The Company is authorized to issue 760,000,000 shares of Class A Common Stock, par value $0.001 per share, 20,000,000 shares of Class B Common Stock, par value $0.001 per share, and 10,000,000 shares of preferred stock, par value $0.001 per share. The number of authorized shares of Class A Common Stock increased from 160,000,000 to 760,000,000 pursuant to approval by the Company's stockholders on October 13, 2025 which became effective upon filing of a certificate of amendment to the Company’s Amended and Restated Certificate of Incorporation on November 5, 2025.
In connection with the Company’s initial public offering of units (“Units”), each consisting of (i) one share (subject to adjustment for the Company's Reverse Stock Splits) of its Class A Common Stock and (ii) one warrant (subject to adjustment for the Company's Reverse Stock Splits) entitling the holder to purchase one share of its Class A Common Stock at an exercise price of $1,210.00 per share, the Company issued to the underwriters of the offering a unit purchase option to purchase (i) an additional 636 Units at a per Unit exercise price of $1,452.00, which was equal to 120% of the public offering price per Unit sold in the initial public offering, and (ii) underwriter warrants to purchase 95 shares of Class A Common Stock at a per warrant exercise price of $2.64, which was equal to 120% of the public offering price per warrant sold in the offering. At March 31, 2026 and December 31, 2025, 318 Units and 47 underwriter warrants were outstanding.

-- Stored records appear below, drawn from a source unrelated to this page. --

lemma quadratic_on_add:
  assumes "quadratic_on S f" "quadratic_on S g"
  shows "quadratic_on S (\<lambda>t. f t + g t)"
proof -
  obtain a b c a' b' c' where "\<forall>t\<in>S. f t = a * t^2 + b * t + c" "\<forall>t\<in>S. g t = a' * t^2 + b' * t + c'"
    using assms unfolding quadratic_on_def by blast
  then have "\<forall>t\<in>S. f t + g t = (a + a') * t^2 + (b + b') * t + (c + c')"
    by (simp add: algebra_simps)
  then show ?thesis unfolding quadratic_on_def by blast
qed

lemma quadratic_on_diff:
  assumes "quadratic_on S f" "quadratic_on S g"
  shows "quadratic_on S (\<lambda>t. f t - g t)"
proof -
  obtain a b c a' b' c' where "\<forall>t\<in>S. f t = a * t^2 + b * t + c" "\<forall>t\<in>S. g t = a' * t^2 + b' * t + c'"
    using assms unfolding quadratic_on_def by blast
  then have "\<forall>t\<in>S. f t - g t = (a - a') * t^2 + (b - b') * t + (c - c')"
    by (simp add: algebra_simps)
  then show ?thesis unfolding quadratic_on_def by blast
qed

lemma quadratic_on_sum:
  assumes "finite I" "\<And>i. i \<in> I \<Longrightarrow> quadratic_on S (f i)"
  shows "quadratic_on S (\<lambda>t. \<Sum>i\<in>I. f i t)"
  using assms
proof (induction I rule: finite_induct)
  case empty
  show ?case unfolding quadratic_on_def by (intro exI[of _ 0]) simp
next
  case (insert i I)
  then show ?case by (simp add: quadratic_on_add)
qed

lemma quadratic_on_power2_affine:
  assumes "\<And>t. t \<in> S \<Longrightarrow> h t = \<alpha> * t + \<beta>"
  shows "quadratic_on S (\<lambda>t. (h t)^2)"
proof -
  have "\<forall>t\<in>S. (h t)^2 = \<alpha>^2 * t^2 + (2 * \<alpha> * \<beta>) * t + \<beta>^2"
    using assms by (simp add: power2_eq_square algebra_simps)
  then show ?thesis unfolding quadratic_on_def by blast
qed

lemma quadratic_on_continuous_on: "quadratic_on S f \<Longrightarrow> continuous_on S f"
proof -
  assume "quadratic_on S f"
  then obtain a b c where f: "\<forall>t\<in>S. f t = a * t^2 + b * t + c"
    unfolding quadratic_on_def by blast
  have "continuous_on S (\<lambda>t. a * t^2 + b * t + c)"
    by (intro continuous_intros)
  then show ?thesis
    by (rule continuous_on_eq) (use f in simp)
qed

lemma quadratic_interpolation_identity:
  fixes a b c x1 x2 x3 :: real
  shows "a * ((x1 - x2) * (x2 - x3) * (x3 - x1)) =
    (x3 - x2) * (a * x1^2 + b * x1 + c) - (x3 - x1) * (a * x2^2 + b * x2 + c)
      + (x2 - x1) * (a * x3^2 + b * x3 + c)"
  by (simp add: power2_eq_square algebra_simps)
definition prime_ideal_in :: "'a::comm_ring_1 set \<Rightarrow> 'a set \<Rightarrow> bool" where
  "prime_ideal_in Q T \<longleftrightarrow> ideal_in Q T \<and> Q \<noteq> T \<and>
     (\<forall>a\<in>T. \<forall>b\<in>T. a * b \<in> Q \<longrightarrow> a \<in> Q \<or> b \<in> Q)"

text \<open>Units of R/P not contained in S/P (for an ideal P of R): some class x+P, x in R,
  is a unit of R/P but is not of the form s+P with s in S.\<close>
definition units_quot_not_sub :: "'a::comm_ring_1 set \<Rightarrow> 'a set \<Rightarrow> 'a set \<Rightarrow> bool" where
  "units_quot_not_sub R P S \<longleftrightarrow>
     (\<exists>x\<in>R. (\<exists>y\<in>R. x * y - 1 \<in> P) \<and> \<not> (\<exists>s\<in>S. x - s \<in> P))"

end

(*
  The hypothesis on U(R/P) provides x \<in> R, not in S + P, with an inverse y modulo P. The inverse
  lies in S: otherwise R = S[y], and x \<in> S[y] with x y = 1 mod P \<subseteq> S is integral over S.
  By Zorn's lemma choose V \<supseteq> S + Q maximal among the subrings of T not containing x.
  Since Q \<subseteq> V and y \<in> V, any element of T integral over V and outside V would give
  x \<in> V[z] integral over V, and an integral x with inverse y \<in> V modulo Q lies in V; so V is
  integrally closed in T. Clearing denominators by powers of y shows T = V[x], so V is a maximal
  subring. Finally V \<inter> R = S, so the conductor (V:T) is an ideal of T above Q whose contraction
  to R lies in (S:R) = P; as T is integral over R and Q is prime, (V:T) = Q.
*)

theory Submission
  imports Defs "Jordan_Normal_Form.Char_Poly"
begin

lemma subring_one: "subring V \<Longrightarrow> 1 \<in> V"
  by (simp add: subring_def)

lemma subring_diff: "subring V \<Longrightarrow> a \<in> V \<Longrightarrow> b \<in> V \<Longrightarrow> a - b \<in> V"
  by (simp add: subring_def)

lemma subring_mult: "subring V \<Longrightarrow> a \<in> V \<Longrightarrow> b \<in> V \<Longrightarrow> a * b \<in> V"
  by (simp add: subring_def)

lemma subring_zero: "subring V \<Longrightarrow> 0 \<in> V"
  using subring_diff[of V 1 1] subring_one by auto

lemma subring_uminus: "subring V \<Longrightarrow> a \<in> V \<Longrightarrow> - a \<in> V"
  using subring_diff[of V 0 a] subring_zero by auto

lemma subring_add: "subring V \<Longrightarrow> a \<in> V \<Longrightarrow> b \<in> V \<Longrightarrow> a + b \<in> V"
  using subring_diff[of V a "- b"] subring_uminus[of V b] by auto

lemma subring_sum: "subring V \<Longrightarrow> (\<And>i. i \<in> A \<Longrightarrow> f i \<in> V) \<Longrightarrow> sum f A \<in> V"
  by (induction A rule: infinite_finite_induct) (auto simp: subring_zero subring_add)

lemma subring_prod: "subring V \<Longrightarrow> (\<And>i. i \<in> A \<Longrightarrow> f i \<in> V) \<Longrightarrow> prod f A \<in> V"
  by (induction A rule: infinite_finite_induct) (auto simp: subring_one subring_mult)

lemma subring_power: "subring V \<Longrightarrow> a \<in> V \<Longrightarrow> a ^ n \<in> V"
  by (induction n) (auto simp: subring_one subring_mult)

lemma subring_Int: "subring V \<Longrightarrow> subring W \<Longrightarrow> subring (V \<inter> W)"
  by (simp add: subring_def)

lemma ideal_in_subset: "ideal_in Q T \<Longrightarrow> Q \<subseteq> T"
  by (simp add: ideal_in_def)

lemma ideal_in_zero: "ideal_in Q T \<Longrightarrow> 0 \<in> Q"
  by (simp add: ideal_in_def)

lemma ideal_in_diff: "ideal_in Q T \<Longrightarrow> a \<in> Q \<Longrightarrow> b \<in> Q \<Longrightarrow> a - b \<in> Q"
  by (simp add: ideal_in_def)

lemma ideal_in_mult_left: "ideal_in Q T \<Longrightarrow> a \<in> Q \<Longrightarrow> t \<in> T \<Longrightarrow> t * a \<in> Q"
  by (simp add: ideal_in_def)

lemma ideal_in_mult_right: "ideal_in Q T \<Longrightarrow> a \<in> Q \<Longrightarrow> t \<in> T \<Longrightarrow> a * t \<in> Q"
  using ideal_in_mult_left[of Q T a t] by (simp add: mult.commute)

lemma ideal_in_uminus: "ideal_in Q T \<Longrightarrow> a \<in> Q \<Longrightarrow> - a \<in> Q"
  using ideal_in_diff[of Q T 0 a] ideal_in_zero[of Q T] by simp

lemma ideal_in_add: "ideal_in Q T \<Longrightarrow> a \<in> Q \<Longrightarrow> b \<in> Q \<Longrightarrow> a + b \<in> Q"
  using ideal_in_diff[of Q T a "- b"] ideal_in_uminus[of Q T b] by simp

lemma ideal_in_sum: "ideal_in Q T \<Longrightarrow> (\<And>i. i \<in> A \<Longrightarrow> f i \<in> Q) \<Longrightarrow> sum f A \<in> Q"
  by (induction A rule: infinite_finite_induct) (auto simp: ideal_in_zero ideal_in_add)

lemma ideal_in_Int_subring:
  assumes "ideal_in Q T" and "subring R" and "R \<subseteq> T"
  shows "ideal_in (Q \<inter> R) R"
  using assms unfolding ideal_in_def by (auto simp: subset_iff subring_zero subring_diff subring_mult)

lemma ideal_in_eq_if_one_mem:
  assumes "ideal_in Q T" and "1 \<in> Q"
  shows "Q = T"
  using assms ideal_in_mult_right[of Q T 1] ideal_in_subset[of Q T] by auto

lemma power_diff_one_mem_ideal:
  assumes T: "subring T" and Q: "ideal_in Q T" and w: "w \<in> T" and w1: "w - 1 \<in> Q"
  shows "w ^ k - 1 \<in> Q"
proof (induction k)
  case 0
  then show ?case using ideal_in_zero[OF Q] by simp
next
  case (Suc k)
  have "w ^ Suc k - 1 = w * (w ^ k - 1) + (w - 1)"
    by (simp add: algebra_simps)
  also have "\<dots> \<in> Q"
    by (rule ideal_in_add[OF Q ideal_in_mult_left[OF Q Suc w] w1])
  finally show ?case .
qed

definition polys_over :: "'a::comm_ring_1 set \<Rightarrow> 'a poly set" where
  "polys_over V = {p. \<forall>i. coeff p i \<in> V}"

lemma polys_over_mono: "V \<subseteq> W \<Longrightarrow> polys_over V \<subseteq> polys_over W"
  unfolding polys_over_def by auto

lemma pCons_in_polys_over_iff: "pCons a p \<in> polys_over V \<longleftrightarrow> a \<in> V \<and> p \<in> polys_over V"
  unfolding polys_over_def by (auto simp: coeff_pCons split: nat.split)

lemma subring_polys_over:
  assumes V: "subring V"
  shows "subring (polys_over V)"
  unfolding subring_def polys_over_def
proof (intro conjI ballI CollectI allI)
  show "coeff 1 i \<in> V" for i
    using V by (cases i) (simp_all add: subring_one subring_zero)
  fix p q i assume "p \<in> {p. \<forall>i. coeff p i \<in> V}" "q \<in> {p. \<forall>i. coeff p i \<in> V}"
  then have p: "\<And>i. coeff p i \<in> V" and q: "\<And>i. coeff q i \<in> V"
    by simp_all
  show "coeff (p - q) i \<in> V"
    by (simp add: subring_diff[OF V p q])
  show "coeff (p * q) i \<in> V"
    unfolding coeff_mult by (intro subring_sum[OF V] subring_mult[OF V p q])
qed

lemma const_in_polys_over: "subring V \<Longrightarrow> a \<in> V \<Longrightarrow> [:a:] \<in> polys_over V"
  unfolding polys_over_def by (auto simp: coeff_pCons subring_zero split: nat.split)

lemma monom_in_polys_over: "subring V \<Longrightarrow> a \<in> V \<Longrightarrow> monom a k \<in> polys_over V"
  by (simp add: polys_over_def subring_zero)

lemma poly_in_subring:
  assumes W: "subring W" and t: "t \<in> W"
  shows "p \<in> polys_over W \<Longrightarrow> poly p t \<in> W"
  by (induction p)
    (auto simp: pCons_in_polys_over_iff subring_zero[OF W] subring_add[OF W] subring_mult[OF W t])

lemma poly_eq_sum_lessThan:
  fixes r :: "'a::comm_semiring_1 poly"
  assumes "degree r < n"
  shows "poly r t = (\<Sum>j<n. coeff r j * t ^ j)"
proof -
  have "poly r t = (\<Sum>j\<le>degree r. coeff r j * t ^ j)"
    by (rule poly_altdef)
  also have "\<dots> = (\<Sum>j<n. coeff r j * t ^ j)"
    by (rule sum.mono_neutral_left) (use assms in \<open>auto simp: coeff_eq_0\<close>)
  finally show ?thesis .
qed

lemma poly_eq_sum_atMost:
  fixes p :: "'a::comm_semiring_1 poly"
  shows "degree p \<le> d \<Longrightarrow> poly p x = (\<Sum>i\<le>d. coeff p i * x ^ i)"
  using poly_eq_sum_lessThan[of p "Suc d" x] by (simp add: lessThan_Suc_atMost)

lemma integral_over_if_monic_root:
  assumes "f \<in> polys_over V" and "coeff f n = 1" and "degree f \<le> n" and "poly f z = 0"
  shows "integral_over V z"
  unfolding integral_over_def
proof (intro exI conjI)
  show "\<forall>i<n. coeff f i \<in> V"
    using assms(1) by (simp add: polys_over_def)
  have "poly f z = (\<Sum>i<Suc n. coeff f i * z ^ i)"
    using assms(3) by (intro poly_eq_sum_lessThan) simp
  also have "\<dots> = z ^ n + (\<Sum>i<n. coeff f i * z ^ i)"
    using assms(2) by (simp add: add.commute)
  finally show "z ^ n + (\<Sum>i<n. coeff f i * z ^ i) = 0"
    using assms(4) by simp
qed

lemma det_in_polys_over:
  assumes V: "subring V" and M: "M \<in> carrier_mat n n"
    and entries: "\<And>i j. i < n \<Longrightarrow> j < n \<Longrightarrow> M $$ (i, j) \<in> polys_over V"
  shows "det M \<in> polys_over V"
proof -
  have PV: "subring (polys_over V)"
    using subring_polys_over[OF V] .
  have sign: "signof p \<in> polys_over V" for p :: "nat \<Rightarrow> nat"
    by (cases p rule: sign_cases) (auto intro: subring_one subring_uminus PV)
  show ?thesis
    unfolding det_def'[OF M]
  proof (rule subring_sum[OF PV])
    fix p assume "p \<in> {p. p permutes {0..<n}}"
    then have "p i < n" if "i < n" for i
      using permutes_in_image[of p "{0..<n}" i] that by simp
    then show "signof p * (\<Prod>i = 0..<n. M $$ (i, p i)) \<in> polys_over V"
      by (intro subring_mult[OF PV sign] subring_prod[OF PV] entries) auto
  qed
qed

text \<open>The determinant trick: if multiplication by z maps the V-module spanned by
  g 0 = 1, ..., g (n-1) into itself, then det (z I - A) annihilates every g i, in particular 1,
  and the characteristic polynomial of A is a monic equation for z.\<close>

lemma determinant_trick:
  fixes z :: "'a::comm_ring_1" and g :: "nat \<Rightarrow> 'a" and a :: "nat \<Rightarrow> nat \<Rightarrow> 'a"
  assumes V: "subring V" and n: "0 < n" and g0: "g 0 = 1"
    and a: "\<And>i j. i < n \<Longrightarrow> j < n \<Longrightarrow> a i j \<in> V"
    and rel: "\<And>i. i < n \<Longrightarrow> z * g i = (\<Sum>j<n. a i j * g j)"
  shows "integral_over V z"
proof -
  define A where "A = mat n n (\<lambda>(i, j). a i j)"
  define B where "B = mat n n (\<lambda>(i, j). (if i = j then z else 0) - a i j)"
  define gv where "gv = vec n g"
  have A: "A \<in> carrier_mat n n" and B: "B \<in> carrier_mat n n" and gv: "gv \<in> carrier_vec n"
    unfolding A_def B_def gv_def by simp_all
  have Bg: "B *\<^sub>v gv = 0\<^sub>v n"
  proof (rule eq_vecI)
    fix i assume "i < dim_vec (0\<^sub>v n :: 'a vec)"
    then have i: "i < n" by simp
    have "(B *\<^sub>v gv) $ i = (\<Sum>j\<in>{0..<n}. (if i = j then z * g j else 0) - a i j * g j)"
      using i unfolding B_def gv_def
      by (auto simp: scalar_prod_def row_def left_diff_distrib intro: sum.cong)
    also have "\<dots> = z * g i - (\<Sum>j<n. a i j * g j)"
      using i by (simp add: sum_subtractf atLeast0LessThan)
    finally show "(B *\<^sub>v gv) $ i = 0\<^sub>v n $ i"
      using i rel[OF i] by simp
  qed (simp add: B_def)
  have "(det B \<cdot>\<^sub>m 1\<^sub>m n) *\<^sub>v gv = adj_mat B *\<^sub>v (B *\<^sub>v gv)"
    unfolding adj_mat(3)[OF B, symmetric] using adj_mat(1)[OF B] B gv by (rule assoc_mult_mat_vec)
  also have "\<dots> = 0\<^sub>v n"
    unfolding Bg using adj_mat(1)[OF B] by (intro eq_vecI) (auto simp: scalar_prod_def)
  finally have "((det B \<cdot>\<^sub>m 1\<^sub>m n) *\<^sub>v gv) $ 0 = 0"
    using n by simp
  moreover have "((det B \<cdot>\<^sub>m 1\<^sub>m n) *\<^sub>v gv) $ 0
      = (\<Sum>j = 0..<n. det B * (if j = 0 then 1 else 0) * g j)"
    using n unfolding gv_def by (auto simp: scalar_prod_def row_def)
  moreover have "\<dots> = det B * g 0"
    using n by (simp add: if_distrib[of "\<lambda>u. det B * u"] if_distrib[of "\<lambda>u. u * g _"] sum.delta
        cong: if_cong)
  ultimately have detB: "det B = 0"
    using g0 by simp
  have "poly (char_poly A) z = det B"
    unfolding char_poly_def
    by (rule poly_det_cong[of B n]) (use A B in \<open>auto simp: char_poly_matrix_def A_def B_def\<close>)
  then have root: "poly (char_poly A) z = 0"
    using detB by simp
  have "char_poly A \<in> polys_over V"
    unfolding char_poly_def
  proof (rule det_in_polys_over[OF V])
    show "char_poly_matrix A \<in> carrier_mat n n"
      using A by simp
    fix i j assume ij: "i < n" "j < n"
    have PV: "subring (polys_over V)"
      using subring_polys_over[OF V] .
    have X: "[:0, 1:] \<in> polys_over V"
      using monom_in_polys_over[OF V subring_one[OF V], of 1] by (simp add: monom_Suc one_pCons)
    have "char_poly_matrix A $$ (i, j) = [:0, 1:] * (if i = j then 1 else 0) + [:- a i j:]"
      using ij A unfolding char_poly_matrix_def A_def by simp
    also have "\<dots> \<in> polys_over V"
      by (intro subring_add[OF PV] subring_mult[OF PV X] const_in_polys_over[OF V]
          subring_uminus[OF V] a ij) (simp add: subring_one[OF PV] subring_zero[OF PV])
    finally show "char_poly_matrix A $$ (i, j) \<in> polys_over V" .
  qed
  then show ?thesis
    using integral_over_if_monic_root[OF _ _ _ root, of V n] degree_monic_char_poly[OF A] by simp
qed
lemma lang_mirror: "w \<in> lang (mirror X) \<longleftrightarrow> rev w \<in> lang X"
proof -
  have "w \<in> lang (mirror X) \<longleftrightarrow> (\<exists>x\<in>X. \<exists>i. w = factor (\<lambda>i. x (- i)) i (length w))"
    unfolding lang_def mirror_def by blast
  also have "\<dots> \<longleftrightarrow> (\<exists>x\<in>X. \<exists>i. rev w = factor x (1 - i - int (length w)) (length w))"
    by (simp add: factor_reflect rev_swap)
  also have "\<dots> \<longleftrightarrow> (\<exists>x\<in>X. \<exists>j. rev w = factor x j (length w))"
  proof
    assume "\<exists>x\<in>X. \<exists>j. rev w = factor x j (length w)"
    then obtain x j where "x \<in> X" "rev w = factor x j (length w)" by blast
    then show "\<exists>x\<in>X. \<exists>i. rev w = factor x (1 - i - int (length w)) (length w)"
      by (intro bexI[of _ x] exI[of _ "1 - j - int (length w)"]) simp_all
  qed blast
  also have "\<dots> \<longleftrightarrow> rev w \<in> lang X"
    unfolding lang_def by simp
  finally show ?thesis .
qed

lemma EL_mirror: "EL (mirror X) v = ER X (rev v)"
  by (simp add: EL_def ER_def lang_mirror)

lemma ER_mirror: "ER (mirror X) v = EL X (rev v)"
  by (simp add: EL_def ER_def lang_mirror)

lemma ext_vertices_mirror: "ext_vertices (mirror X) v = swap_side -` ext_vertices X (rev v)"
  by (force simp: ext_vertices_def EL_mirror ER_mirror elim: swap_side.elims)

lemma ext_edge_mirror:
  "ext_edge (mirror X) v = (\<lambda>p q. ext_edge X (rev v) (swap_side p) (swap_side q))"
  by (force simp: fun_eq_iff ext_edge_def lang_mirror elim: swap_side.elims)

lemma GL_edges_mirror: "GL_edges (mirror X) n = (\<lambda>(v, ab). (rev v, ab)) ` GR_edges X n"
  by (force simp: GL_edges_def GR_edges_def EL_mirror lang_mirror image_iff)

lemma induced_connected_relabel:
  "induced_connected ((\<lambda>(l, ab). (f l, ab)) ` Ed) C \<longleftrightarrow> induced_connected Ed C"
proof -
  have "(\<exists>l. (l, ab) \<in> (\<lambda>(l, ab). (f l, ab)) ` Ed) \<longleftrightarrow> (\<exists>l. (l, ab) \<in> Ed)" for ab
    by force
  then show ?thesis unfolding induced_connected_def by (simp add: ex_disj_distrib)
qed

lemma ball_lang_mirror: "(\<forall>v\<in>lang (mirror X). P v) \<longleftrightarrow> (\<forall>v\<in>lang X. P (rev v))"
  by (metis lang_mirror rev_rev_ident)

The underwriter warrants had a fair value of $0 that was calculated using the Black-Scholes option-pricing model and were equity classified. Variables used in the Black-Scholes option-pricing model include: (1) discount rate of 1.94% based on the applicable U.S. Treasury bill rate, (2) expected life of 5 years, (3) expected volatility of approximately 66% based on the trading history of similar companies, and (4) zero expected dividends.

Committed Equity Facility
On April 28, 2026, the Company entered into a Common Stock Purchase Agreement (the “Roth Purchase Agreement” and the facility as a whole, the "Committed Equity Facility") with Roth Principal Investments, LLC (“Roth”). Pursuant to the Roth Purchase Agreement, and subject to the satisfaction of specified conditions, the Company has the right, but not the obligation, to sell to Roth up to an aggregate of $50.0 million of newly issued shares of the Company’s Class A common stock, par value $0.001 per share (“Class A Common Stock”), from time to time over a period of up to 36 months following commencement of the Roth Purchase Agreement. The Company will have sole discretion over the timing and amount of any such sales and is under no obligation to sell any shares under the Roth Purchase Agreement.
The Company’s ability to sell shares under the Roth Purchase Agreement will commence upon satisfaction of customary conditions, after which, the Company may direct Roth to purchase shares through one or more market open, intraday, pre‑market, or post‑market purchases, subject to specified pricing thresholds and volume limitations. The per‑share purchase price for shares sold under the Roth Purchase Agreement will be based on the volume‑weighted average trading price of the Class A Common Stock during the applicable valuation period, less a fixed discount of 8.0%. There is no upper limit on the price per share that may be paid, and purchase prices are subject to customary equitable adjustments for stock splits, reverse stock splits, dividends or similar transactions.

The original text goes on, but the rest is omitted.